The Arch distribution that is available with Tornado is a little out of date. This isn’t a massive problem because of Arch’s rolling release schedule (meaning that the distro will use a LiveCD or something simliar as a base and pull the latest packages from the internet to complete an initial install).
However, it appears that Tornado uses Xen for virtualization and might have been running a custom kernel to keep the boxes light on space and memory. When trying to run iptables for the first time, I got filter not available
(I’m paraphrasing, since the actual error is not in front of me now). My guess is that the Tornado Arch kernels didn’t include these modules.

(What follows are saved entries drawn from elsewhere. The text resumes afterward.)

lemma orbit_position:
  assumes "1 \<le> l" "l \<le> d" "l \<noteq> j" "int (gcd n j) dvd int l"
  obtains s where "2 \<le> s" "s + 2 \<le> c" "[int s * int j = int l] (mod int n)"
proof -
  have l_less: "int l + int j < int n" using assms(2) j_le_d d_less by simp
  have "int l mod int n \<in> shift_orbit n j 0"
    using assms(4) n_pos by (simp add: shift_orbit_def cong_0_iff dvd_mod_iff)
  then have "int l mod int n \<in> (\<lambda>r. (0 + int r * int j) mod int n) ` {..<c}"
    using bij_betw_shift_orbit[OF n_pos, of j 0] j_ge_1 by (simp add: bij_betw_def c_def)
  then obtain s where "s < c" "(0 + int s * int j) mod int n = int l mod int n" by auto
  then have s: "s < c" "[int s * int j = int l] (mod int n)" by (simp_all add: cong_def)
  have "s \<noteq> 0"
  proof
    assume "s = 0"
    then have "[int l = 0] (mod int n)" using s(2) by (simp add: cong_sym_eq)
    then show False using assms(1) l_less zdvd_not_zless[of "int l" "int n"] by (simp add: cong_0_iff)
  qed
  moreover have "s \<noteq> 1"
  proof
    assume "s = 1"
    then have "[j = l] (mod n)" using s(2) by (simp add: cong_int_iff)
    then show False using assms(3) l_less cong_less_modulus_unique_nat[of j l n] by simp
  qed
  moreover have "s \<noteq> c - 1"
  proof
    assume "s = c - 1"
    then have "int s * int j + int j = int c * int j" using c_ge_3 by (simp add: of_nat_diff algebra_simps)
    moreover have "[int c * int j = 0] (mod int n)" by (simp add: cong_0_iff dvd_mult_j_iff)
    ultimately have "[int l + int j = 0] (mod int n)"
      using cong_trans[OF cong_add[OF cong_sym[OF s(2)] cong_refl]] by metis
    then show False using assms(1) l_less zdvd_not_zless[of "int l + int j" "int n"]
      by (simp add: cong_0_iff)
  qed
  ultimately have "2 \<le> s" "s + 2 \<le> c" using s(1) by auto
  then show ?thesis using that s(2) by blast
qed

lemma path_add: "path (p + q) = path p + int q * int j"
  by (simp add: path_def algebra_simps)
lemma abs_box_sum_le:
  assumes "\<And>x y. x \<in> F \<Longrightarrow> y \<in> F \<Longrightarrow> \<bar>g (x,y)\<bar> \<le> 1"
  shows "\<bar>box_sum F g g g g\<bar> \<le> real (card F)^4"
proof -
  have "\<bar>g (a,c) * g (a,d) * g (b,c) * g (b,d)\<bar> \<le> 1" if "a \<in> F" "b \<in> F" "c \<in> F" "d \<in> F" for a b c d
    unfolding abs_mult by (intro mult_le_one) (simp_all add: assms that)
  then have "\<bar>\<Sum>c\<in>F. \<Sum>d\<in>F. g (a,c) * g (a,d) * g (b,c) * g (b,d)\<bar> \<le> real (card F)^2 * 1"
    if "a \<in> F" "b \<in> F" for a b
    using that by (intro abs_double_sum_le)
  then have "\<bar>box_sum F g g g g\<bar> \<le> real (card F)^2 * (real (card F)^2 * 1)"
    unfolding box_sum_def by (rule abs_double_sum_le)
  then show ?thesis by simp
qed

lemma abs_Mform_le_prod_box_norm:
  "\<bar>Mform R f1 f2 f3 f4\<bar> \<le> box_norm R f1 * box_norm R f2 * box_norm R f3 * box_norm R f4"
proof -
  define F where "F = carrier R"
  define M where "M g = box_sum F g g g g / real (card F) ^ 4" for g
  have M_nonneg: "M g \<ge> 0" for g
    by (simp add: M_def box_sum_nonneg)
  have box_norm_eq: "box_norm R g = M g powr (1/4)" for g
    by (simp add: box_norm_def Mform_eq_box_sum M_def F_def)
  have "\<bar>Mform R f1 f2 f3 f4\<bar> ^ 4 = (box_sum F f1 f2 f3 f4)^4 / (real (card F) ^ 4) ^ 4"
    by (simp add: Mform_eq_box_sum F_def power_abs power_divide)
  also have "\<dots> \<le> box_sum F f1 f1 f1 f1 * box_sum F f2 f2 f2 f2 * box_sum F f3 f3 f3 f3
      * box_sum F f4 f4 f4 f4 / (real (card F) ^ 4) ^ 4"
    by (intro divide_right_mono box_sum_gowers_cauchy_schwarz) simp
  also have "\<dots> = M f1 * M f2 * M f3 * M f4"
    by (simp add: M_def)
  finally have "\<bar>Mform R f1 f2 f3 f4\<bar> \<le> (M f1 * M f2 * M f3 * M f4) powr (1/4)"
    by (intro power4_le_imp_le_powr) simp_all
  also have "\<dots> = box_norm R f1 * box_norm R f2 * box_norm R f3 * box_norm R f4"
    by (simp only: box_norm_eq powr_mult)
  finally show ?thesis .
qed
(* (1) Let $(\mathcal A_n,\varphi_n)_{n\in\mathbb N_0}$ with coface operators $\delta^k\colon(\mathcal A_{n-1},\varphi_{n-1})\to(\mathcal A_n,\varphi_n)$ ($k=0,\dots,n$) be an SCO in the category of noncommutative probability spaces. Let $(\mathcal A_\infty,\varphi_\infty)$ be the inductive limit of the filtration $\mathcal A_0\xrightarrow{\delta^1}\mathcal A_1\xrightarrow{\delta^2}\mathcal A_2\to\cdots$ with canonical morphisms $\mu_n\colon\mathcal A_n\to\mathcal A_\infty$, and let $\alpha_0\colon\mathcal A_\infty\to\mathcal A_\infty$ be the unique morphism with $\alpha_0\mu_{n-1}=\mu_n\delta^0$ for all $n\in\mathbb N$. Put $\iota_0:=\mu_0\colon\mathcal A_0\to\mathcal A_\infty$ and $\iota_N:=(\alpha_0)^N\iota_0$ for $N\in\mathbb N_0$. Then $(\iota_N)_{N\in\mathbb N_0}$ is spreadable (with respect to $\varphi_\infty$). (2) Let $\mathcal B$ be a unital algebra, $(\mathcal A,\varphi)$ a noncommutative probability space and $\iota_N\colon\mathcal B\to\mathcal A$ ($N\in\mathbb N_0$) unital homomorphisms; let $\mathcal A^f=*_{N=0}^\infty\mathcal B$ with canonical embeddings $\lambda_N$, $\pi\colon\mathcal A^f\to\mathcal A$ the unital homomorphism with $\pi\lambda_N=\iota_N$, and $\varphi^f:=\varphi\circ\pi$. Consider: (a) $(\iota_N)_{N\in\mathbb N_0}$ is spreadable. (b) Let $\mathcal A^f_n$ be the unital subalgebra generated by $\lambda_0(\mathcal B),\dots,\lambda_n(\mathcal B)$ and $\varphi^f_n$ the restriction of $\varphi^f$ to it. For $n\in\mathbb N$, $0\le k\le n$, the unital homomorphisms $\delta^k\colon\mathcal A^f_{n-1}\to\mathcal A^f_n$ determined by $\delta^k(\lambda_N(b))=\lambda_N(b)$ if $N<k$ and $\delta^k(\lambda_N(b))=\lambda_{N+1}(b)$ if $N\ge k$ ($b\in\mathcal B$, $0\le N\le n-1$) satisfy $\varphi^f_n\circ\delta^k=\varphi^f_{n-1}$, so that $(\mathcal A^f_n,\varphi^f_n)_{n\in\mathbb N_0}$ with these coface operators is an SCO in the category of noncommutative probability spaces. (c) Let $\mathcal A_n$ be the unital subalgebra of $\mathcal A$ generated by $\iota_0(\mathcal B),\dots,\iota_n(\mathcal B)$ and $\varphi_n$ the restriction of $\varphi$ to it. For all $n\in\mathbb N$, $0\le k\le n$ there exist unital homomorphisms $\delta^k\colon\mathcal A_{n-1}\to\mathcal A_n$ with $\delta^k(\iota_N(b))=\iota_N(b)$ if $N<k$ and $\delta^k(\iota_N(b))=\iota_{N+1}(b)$ if $N\ge k$ ($b\in\mathcal B$), satisfying $\varphi_n\circ\delta^k=\varphi_{n-1}$, such that $(\mathcal A_n,\varphi_n)_{n\in\mathbb N_0}$ with these coface operators is an SCO in the category of noncommutative probability spaces. Then (a) $\Leftrightarrow$ (b), and (c) $\Rightarrow$ (a).
   Context: The category of noncommutative probability spaces has objects $(\mathcal A,\varphi)$ with $\mathcal A$ a unital associative complex algebra and $\varphi\colon\mathcal A\to\mathbb C$ linear with $\varphi(1)=1$; morphisms $\alpha\colon(\mathcal A,\varphi)\to(\mathcal B,\psi)$ are unital algebra homomorphisms with $\psi\circ\alpha=\varphi$. Inductive limits exist in this category (algebraic direct limit with the induced functional). An SCO in a category is a sequence of objects $F^n$ ($n\in\mathbb N_0$) with morphisms $\delta^k\colon F^{n-1}\to F^n$ ($k=0,\dots,n$) satisfying $\delta^j\delta^i=\delta^i\delta^{j-1}$ for $i<j$. For a sequence of unital homomorphisms $\iota_N\colon\mathcal B\to(\mathcal A,\varphi)$, its distribution is $\varphi^f=\varphi\circ\pi$ on the unital free product $\mathcal A^f=*_{N\ge0}\mathcal B$, where $\pi$ is the unique unital homomorphism with $\pi\circ\lambda_N=\iota_N$; equivalently, the collection of all moments $\varphi(\iota_{N_1}(b_1)\cdots\iota_{N_r}(b_r))$. The sequence is spreadable if for every strictly increasing $i\colon\mathbb N_0\to\mathbb N_0$ the sequence $(\iota_{i(N)})_N$ has the same distribution as $(\iota_N)_N$, i.e. $\varphi(\iota_{N_1}(b_1)\cdots\iota_{N_r}(b_r))=\varphi(\iota_{i(N_1)}(b_1)\cdots\iota_{i(N_r)}(b_r))$ for all $r$, all $N_j\in\mathbb N_0$ (repetitions allowed) and all $b_j\in\mathcal B$. *)

theory Defs
  imports Complex_Main
begin

record 'a alg =
  alg_carrier :: "'a set"
  alg_add     :: "'a \<Rightarrow> 'a \<Rightarrow> 'a"
  alg_mult    :: "'a \<Rightarrow> 'a \<Rightarrow> 'a"
  alg_smult   :: "complex \<Rightarrow> 'a \<Rightarrow> 'a"
  alg_zero    :: "'a"
  alg_one     :: "'a"

definition unital_algebra :: "'a alg \<Rightarrow> bool" where
  "unital_algebra A \<longleftrightarrow>
     (let C = alg_carrier A; ad = alg_add A; mu = alg_mult A; sm = alg_smult A;
          z = alg_zero A; e = alg_one A in
       z \<in> C \<and> e \<in> C \<and>
       (\<forall>x\<in>C. \<forall>y\<in>C. ad x y \<in> C \<and> mu x y \<in> C) \<and>
       (\<forall>c. \<forall>x\<in>C. sm c x \<in> C) \<and>
       (\<forall>x\<in>C. \<forall>y\<in>C. \<forall>w\<in>C. ad (ad x y) w = ad x (ad y w)) \<and>
       (\<forall>x\<in>C. \<forall>y\<in>C. ad x y = ad y x) \<and>
       (\<forall>x\<in>C. ad z x = x) \<and>
       (\<forall>x\<in>C. ad x (sm (-1) x) = z) \<and>
       (\<forall>c. \<forall>x\<in>C. \<forall>y\<in>C. sm c (ad x y) = ad (sm c x) (sm c y)) \<and>
       (\<forall>c d. \<forall>x\<in>C. sm (c + d) x = ad (sm c x) (sm d x)) \<and>
       (\<forall>c d. \<forall>x\<in>C. sm c (sm d x) = sm (c * d) x) \<and>
       (\<forall>x\<in>C. sm 1 x = x) \<and>
       (\<forall>x\<in>C. \<forall>y\<in>C. \<forall>w\<in>C. mu (mu x y) w = mu x (mu y w)) \<and>
       (\<forall>x\<in>C. \<forall>y\<in>C. \<forall>w\<in>C. mu x (ad y w) = ad (mu x y) (mu x w)) \<and>
       (\<forall>x\<in>C. \<forall>y\<in>C. \<forall>w\<in>C. mu (ad x y) w = ad (mu x w) (mu y w)) \<and>
       (\<forall>c. \<forall>x\<in>C. \<forall>y\<in>C. sm c (mu x y) = mu (sm c x) y \<and> sm c (mu x y) = mu x (sm c y)) \<and>
       (\<forall>x\<in>C. mu e x = x \<and> mu x e = x))"

definition ncps :: "'a alg \<Rightarrow> ('a \<Rightarrow> complex) \<Rightarrow> bool" where
  "ncps A \<phi> \<longleftrightarrow> unital_algebra A \<and>
     (\<forall>x\<in>alg_carrier A. \<forall>y\<in>alg_carrier A. \<phi> (alg_add A x y) = \<phi> x + \<phi> y) \<and>
     (\<forall>c. \<forall>x\<in>alg_carrier A. \<phi> (alg_smult A c x) = c * \<phi> x) \<and>
     \<phi> (alg_one A) = 1"

definition unital_hom :: "'a alg \<Rightarrow> 'b alg \<Rightarrow> ('a \<Rightarrow> 'b) \<Rightarrow> bool" where
  "unital_hom A B f \<longleftrightarrow>
     (\<forall>x\<in>alg_carrier A. f x \<in> alg_carrier B) \<and>
     (\<forall>x\<in>alg_carrier A. \<forall>y\<in>alg_carrier A. f (alg_add A x y) = alg_add B (f x) (f y)) \<and>
     (\<forall>c. \<forall>x\<in>alg_carrier A. f (alg_smult A c x) = alg_smult B c (f x)) \<and>
     (\<forall>x\<in>alg_carrier A. \<forall>y\<in>alg_carrier A. f (alg_mult A x y) = alg_mult B (f x) (f y)) \<and>
     f (alg_one A) = alg_one B"

definition ncps_mor :: "'a alg \<Rightarrow> ('a \<Rightarrow> complex) \<Rightarrow> 'b alg \<Rightarrow> ('b \<Rightarrow> complex) \<Rightarrow> ('a \<Rightarrow> 'b) \<Rightarrow> bool" where
  "ncps_mor A \<phi> B \<psi> f \<longleftrightarrow> ncps A \<phi> \<and> ncps B \<psi> \<and> unital_hom A B f \<and>
     (\<forall>x\<in>alg_carrier A. \<psi> (f x) = \<phi> x)"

Arch and pretty much every other popular distribution includes a number of packages to enable switching between different kernels. Arch, for example, has packages which will download and install a hardened patch (linux-hardened), longterm (linux-lts). Documentation for that process is readily available here for Arch and only a quick Google search away for other distributions. I won’t be redundant and cover those here.
Our second option is to build a kernel from source via kernel.org. The process isn’t much more complicated, it just uses slightly more space. Let’s start off by grabbing a fresh copy from the kernel.org website. This could take a while depending on your connection speed, so have some coffee (or whiskey) ready:
[you@terminal]$ wget https://cdn.kernel.org/pub/linux/kernel/v5.x/linux-5.19.tar.xz
Once the download is finished we can unpack it, change to the new directory and begin configuring the kernel.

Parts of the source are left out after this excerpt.